Lila Kari , Department of Computer Science, University of Waterloo
Additive Methods to Overcome the Limitations of Genomic Signatures
Approaches to understanding and utilizing the mathematical properties of bioinformation take many forms, from using DNA to build lattices and polyhedra, to studies of algorithmic DNA self- assembly, and harnessing DNA strand displacement for biocomputations. This talk presents a view of the structural properties of DNA sequences from yet another angle, by proposing the use of Chaos Game Representation (CGR) of DNA sequences to measure and visualize their interrelationships.

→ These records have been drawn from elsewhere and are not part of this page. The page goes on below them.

(* The functionally independent Casimir invariants of the Lie algebra $\mathfrak{g}_{n}$ are the linear central elements $z_{i,j}$ ($1\leq i\leq j\leq n-2$) and the $n$th degree polynomial $C_{n}=-\det(M_n)$, where $M_n$ is the $n\times n$ symmetric matrix with coefficients in $\mathfrak{g}_n$ \begin{equation*} M_n:=\begin{pmatrix} z_{1,1} & \cdots & z_{1,n-2} & -y_{1,-} & y_{1,+} \\ \vdots & \ddots & \vdots & \vdots & \vdots \\ z_{1,n-2} & \cdots & z_{n-2,n-2} & -y_{n-2,-} & y_{n-2,+} \\ -y_{1,-} & \cdots & -y_{n-2,-} & -2x_{-} & h \\ y_{1,+} & \cdots & y_{n-2,+} & h & 2x_{+} \end{pmatrix}. \end{equation*}
   Context: For $n\geq 2$, $\mathfrak{g}_n$ is the $n(n+1)/2$-dimensional Lie algebra over $\mathbb{K}$ ($\mathbb{R}$ or $\mathbb{C}$) with basis $h,x_-,x_+$, $y_{i,\pm}$ ($i=1,\dots,n-2$), $z_{i,j}$ ($1\le i\le j\le n-2$), and commutation relations $[x_+,x_-]=h$, $[h,x_\pm]=\pm 2x_\pm$, $[h,y_{i,\pm}]=\pm y_{i,\pm}$, $[x_-,y_{i,-}]=[x_+,y_{i,+}]=0$, $[x_-,y_{i,+}]=y_{i,-}$, $[x_+,y_{i,-}]=y_{i,+}$, $[y_{i,+},y_{j,+}]=[y_{i,-},y_{j,-}]=0$, $[y_{i,+},y_{j,-}]=z_{\min(i,j),\max(i,j)}$, and the $z_{i,j}$ are central. A (polynomial) Casimir element is an element $C$ of the symmetric algebra $S\mathfrak{g}_n\cong\mathbb{K}[h,x_-,x_+,\dots,z_{n-2,n-2}]$ (with the Lie–Poisson bracket induced by the Lie bracket) annihilated by the adjoint action of $\mathfrak{g}_n$ extended by derivations, i.e. $\{C,x\}=0$ for all $x\in\mathfrak{g}_n$. It was shown earlier (via the Beltrametti–Blasi formula) that $\mathfrak{g}_n$ has exactly $n(n-1)/2\cdot$—more precisely $(n-1)(n-2)/2+1$—functionally independent Casimir invariants, of which $(n-1)(n-2)/2$ are the central elements $z_{i,j}$. *)

theory Defs
  imports "HOL-Library.Poly_Mapping" "HOL-Combinatorics.Permutations"
begin

datatype gvar = H | Xm | Xp | Ym nat | Yp nat | Z nat nat

definition gbasis :: "nat \<Rightarrow> gvar set" where
  "gbasis n = {H, Xm, Xp} \<union> Ym ` {1..n-2} \<union> Yp ` {1..n-2}
      \<union> {Z i j | i j. 1 \<le> i \<and> i \<le> j \<and> j \<le> n-2}"

text \<open>Symmetric algebra S g = commutative polynomial ring in the basis elements
  (polynomials as finitely supported maps from monomials to coefficients).\<close>
type_synonym 'a spoly = "(gvar \<Rightarrow>\<^sub>0 nat) \<Rightarrow>\<^sub>0 'a"

definition var :: "gvar \<Rightarrow> 'a::comm_ring_1 spoly" where
  "var v = Poly_Mapping.single (Poly_Mapping.single v 1) 1"

definition pd :: "gvar \<Rightarrow> 'a::comm_ring_1 spoly \<Rightarrow> 'a spoly" where
  "pd a p = (\<Sum>m\<in>Poly_Mapping.keys p. Poly_Mapping.single (m - Poly_Mapping.single a (1::nat))
                 (Poly_Mapping.lookup p m * of_nat (Poly_Mapping.lookup (m :: gvar \<Rightarrow>\<^sub>0 nat) a)))"

text \<open>Evaluation of a polynomial at a point (a linear functional on g).\<close>
definition peval :: "(gvar \<Rightarrow> 'a::comm_ring_1) \<Rightarrow> 'a spoly \<Rightarrow> 'a" where
  "peval \<xi> p = (\<Sum>m\<in>Poly_Mapping.keys p. Poly_Mapping.lookup p m * (\<Prod>v\<in>Poly_Mapping.keys m. \<xi> v ^ Poly_Mapping.lookup m v))"

text \<open>Lie bracket of basis elements (valid indices assumed), as linear elements of S g.\<close>
fun brk :: "gvar \<Rightarrow> gvar \<Rightarrow> 'a::comm_ring_1 spoly" where
  "brk Xp Xm = var H"
| "brk Xm Xp = - var H"
| "brk H Xp = 2 * var Xp"
| "brk Xp H = - (2 * var Xp)"
| "brk H Xm = - (2 * var Xm)"
| "brk Xm H = 2 * var Xm"
| "brk H (Yp i) = var (Yp i)"
| "brk (Yp i) H = - var (Yp i)"
| "brk H (Ym i) = - var (Ym i)"
| "brk (Ym i) H = var (Ym i)"
| "brk Xm (Yp i) = var (Ym i)"
| "brk (Yp i) Xm = - var (Ym i)"
| "brk Xp (Ym i) = var (Yp i)"
| "brk (Ym i) Xp = - var (Yp i)"
| "brk (Yp i) (Ym j) = var (Z (min i j) (max i j))"
| "brk (Ym j) (Yp i) = - var (Z (min i j) (max i j))"
| "brk _ _ = 0"

definition pb :: "nat \<Rightarrow> 'a::comm_ring_1 spoly \<Rightarrow> 'a spoly \<Rightarrow> 'a spoly" where
  "pb n f g = (\<Sum>a\<in>gbasis n. \<Sum>b\<in>gbasis n. brk a b * pd a f * pd b g)"

definition casimir :: "nat \<Rightarrow> 'a::comm_ring_1 spoly \<Rightarrow> bool" where
  "casimir n C \<longleftrightarrow> (\<forall>m\<in>Poly_Mapping.keys C. Poly_Mapping.keys m \<subseteq> gbasis n) \<and> (\<forall>x\<in>gbasis n. pb n C (var x) = 0)"

definition grad_indep_at :: "nat \<Rightarrow> 'a::comm_ring_1 spoly list \<Rightarrow> (gvar \<Rightarrow> 'a) \<Rightarrow> bool" where
  "grad_indep_at n Fs \<xi> \<longleftrightarrow>
     (\<forall>c::nat \<Rightarrow> 'a. (\<forall>a\<in>gbasis n. (\<Sum>k<length Fs. c k * peval \<xi> (pd a (Fs ! k))) = 0)
          \<longrightarrow> (\<forall>k<length Fs. c k = 0))"

text \<open>Functional independence: the Jacobian has full rank at some (hence generic) point.\<close>
definition functionally_independent :: "nat \<Rightarrow> 'a::comm_ring_1 spoly list \<Rightarrow> bool" where
  "functionally_independent n Fs \<longleftrightarrow> (\<exists>\<xi>. grad_indep_at n Fs \<xi>)"
lemma Re_trace_M_mult:
  assumes "skew_hermitian X"
  shows "Re (trace (M s ** X)) = - ((2/\<alpha>) * Re (cnj (A s 1 2) * X $ 2 $ 1)
    + (2/\<beta>) * (Re (cnj (A s 2 3) * X $ 3 $ 2) + Re (cnj (A s 1 3) * X $ 3 $ 1)))"
proof -
  have pair: "Re (p / of_real c * X $ i $ j) + Re ((- cnj p / of_real c) * X $ j $ i)
      = (2/c) * Re (p * X $ i $ j)" for p c i j
  proof -
    have "X $ j $ i = - cnj (X $ i $ j)"
      using skew_hermitian_nth[OF assms, of i j] by simp
    then show ?thesis
      by (simp add: field_simps)
  qed
  have trace: "trace (M s ** X) =
      (A s 2 1 / of_real \<alpha> * X $ 2 $ 1 + (- cnj (A s 2 1) / of_real \<alpha>) * X $ 1 $ 2)
    + (A s 3 1 / of_real \<beta> * X $ 3 $ 1 + (- cnj (A s 3 1) / of_real \<beta>) * X $ 1 $ 3)
    + (A s 3 2 / of_real \<beta> * X $ 3 $ 2 + (- cnj (A s 3 2) / of_real \<beta>) * X $ 2 $ 3)"
    by (simp add: trace_def matrix_matrix_mult_def M_def sum_3 mat3_nth)
  have A: "A s 2 1 = - cnj (A s 1 2)" "A s 3 1 = - cnj (A s 1 3)" "A s 3 2 = - cnj (A s 2 3)"
    by (simp_all add: cnj_A)
  show ?thesis
    unfolding trace plus_complex.sel pair by (simp add: A add_divide_distrib diff_divide_distrib)
qed

lemma momentum_right_action_eq_trace:
  assumes "skew_hermitian \<Omega>"
  shows "lagr_polar \<alpha> \<beta> (U s) (V s) (U s) (U s ** \<Omega>) = - Re (trace (charge s ** \<Omega>))"
proof -
  have "lagr_polar \<alpha> \<beta> (U s) (V s) (U s) (U s ** \<Omega>) =
      - Re (trace (M s ** (U s ** \<Omega> ** ctranspose (U s))))"
    unfolding Re_trace_M_mult[OF skew_hermitian_congruence[OF assms]]
    by (simp add: lagr_polar_def cdot_matrix_mult_ctranspose_nth A_def)
  also have "trace (M s ** (U s ** \<Omega> ** ctranspose (U s))) = trace (charge s ** \<Omega>)"
    unfolding charge_def matrix_mul_assoc by (metis trace_mul_sym matrix_mul_assoc)
  finally show ?thesis .
qed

The method we propose computes an “information distance” for each pair of Chaos Game Representations of DNA sequences, and then uses multidimensional scaling to visualize the resulting interrelationships in a three-dimensional space. The result of applying it to a collection of DNA sequences is an easily interpretable 3D Molecular Distance Map wherein sequences are represented by points in a common Euclidean space, and the spatial distance between any two points reflects the differences in their subsequence composition. This general-purpose method does not require DNA sequence alignment and can thus be used to compare similar or vastly different DNA sequences, genomic or computer-generated, of the same or different lengths.
Our most recent results indicate that while mitochondrial DNA signatures can reliably be used for species classification, conventional CGR signatures of nuclear genomic sequences do not always succeed to separate them by their organism of origin, especially for closely related species. To address this problem, we propose the general concept of additive DNA signature of a set of DNA sequences, which combines information from all the sequences in the set to produce its signature, and show that it successfully overcomes the limitations of conventional genomic signatures.